§ **What is required**
The lines to reproduce run from the first one below to the line containing "X \<in> borel_measurable", both included. Reproduce them exactly and nothing else.

[Saved data entries]
(* Let $X,Y\in\mathbb R^p$ be jointly multivariate Normal with mean zero, $\operatorname{Var}(X)=x\,I_p$, $\operatorname{Var}(Y)=y\,I_p$, $\operatorname{Cov}(X,Y)=z\,I_p$, where $x,y>0$. Then \[\mathrm E\big[Y^{\arg\max_k X^k}\big]=\frac{z}{x}\,\mathrm E[X^{(1)}]=\frac{z}{\sqrt x}\,\mathrm E\big[\mathcal N(\mathbf 0,I_p)^{(1)}\big]=\frac{z}{\sqrt{xy}}\,\mathrm E[Y^{(1)}].\]
   Context: For a vector $v$, $v^k$ is its $k$-th coordinate and $v^{(1)}=\max_k v^k$ its largest coordinate; $\mathcal N(\mathbf 0,I_p)^{(1)}$ denotes the maximum coordinate of a standard Normal vector in $\mathbb R^p$. *)

theory Defs
  imports "HOL-Probability.Probability"
begin

definition normal_law :: "real \<Rightarrow> real \<Rightarrow> real measure" where
  "normal_law m v = (if v = 0 then return borel m
                     else density lborel (normal_density m (sqrt v)))"

text \<open>(X,Y) jointly Gaussian in R^p x R^p, mean zero, Var X = x I, Var Y = y I, Cov(X,Y) = z I:
  every linear combination a.X + b.Y is centred normal with the induced variance.\<close>
definition jointly_normal_cov ::
  "'s measure \<Rightarrow> ('s \<Rightarrow> real^'p) \<Rightarrow> ('s \<Rightarrow> real^'p) \<Rightarrow> real \<Rightarrow> real \<Rightarrow> real \<Rightarrow> bool" where
  "jointly_normal_cov M X Y x y z \<longleftrightarrow>
     X \<in> borel_measurable M \<and> Y \<in> borel_measurable M \<and>
     (\<forall>a b. distr M borel (\<lambda>\<omega>. a \<bullet> X \<omega> + b \<bullet> Y \<omega>)
            = normal_law 0 (x * (a \<bullet> a) + 2 * z * (a \<bullet> b) + y * (b \<bullet> b)))"

definition vmax :: "real^'p \<Rightarrow> real" where
  "vmax v = Max (range (\<lambda>k. v $ k))"

definition vargmax :: "real^'p \<Rightarrow> 'p" where
  "vargmax v = (SOME k. \<forall>j. v $ j \<le> v $ k)"

definition std_normal_vec :: "(real^'p) measure" where
  "std_normal_vec = density lborel (\<lambda>v. \<Prod>k\<in>UNIV. std_normal_density (v $ k))"

end

theory Submission
  imports Defs
begin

§ **Solution to the exercise**
(* Let $X,Y\in\mathbb R^p$ be jointly multivariate Normal with mean zero, $\operatorname{Var}(X)=x\,I_p$, $\operatorname{Var}(Y)=y\,I_p$, $\operatorname{Cov}(X,Y)=z\,I_p$, where $x,y>0$. Then \[\mathrm E\big[Y^{\arg\max_k X^k}\big]=\frac{z}{x}\,\mathrm E[X^{(1)}]=\frac{z}{\sqrt x}\,\mathrm E\big[\mathcal N(\mathbf 0,I_p)^{(1)}\big]=\frac{z}{\sqrt{xy}}\,\mathrm E[Y^{(1)}].\]
   Context: For a vector $v$, $v^k$ is its $k$-th coordinate and $v^{(1)}=\max_k v^k$ its largest coordinate; $\mathcal N(\mathbf 0,I_p)^{(1)}$ denotes the maximum coordinate of a standard Normal vector in $\mathbb R^p$. *)

theory Defs
  imports "HOL-Probability.Probability"
begin

definition normal_law :: "real \<Rightarrow> real \<Rightarrow> real measure" where
  "normal_law m v = (if v = 0 then return borel m
                     else density lborel (normal_density m (sqrt v)))"

text \<open>(X,Y) jointly Gaussian in R^p x R^p, mean zero, Var X = x I, Var Y = y I, Cov(X,Y) = z I:
  every linear combination a.X + b.Y is centred normal with the induced variance.\<close>
definition jointly_normal_cov ::
  "'s measure \<Rightarrow> ('s \<Rightarrow> real^'p) \<Rightarrow> ('s \<Rightarrow> real^'p) \<Rightarrow> real \<Rightarrow> real \<Rightarrow> real \<Rightarrow> bool" where
  "jointly_normal_cov M X Y x y z \<longleftrightarrow>
     X \<in> borel_measurable M \<and> Y \<in> borel_measurable M \<and>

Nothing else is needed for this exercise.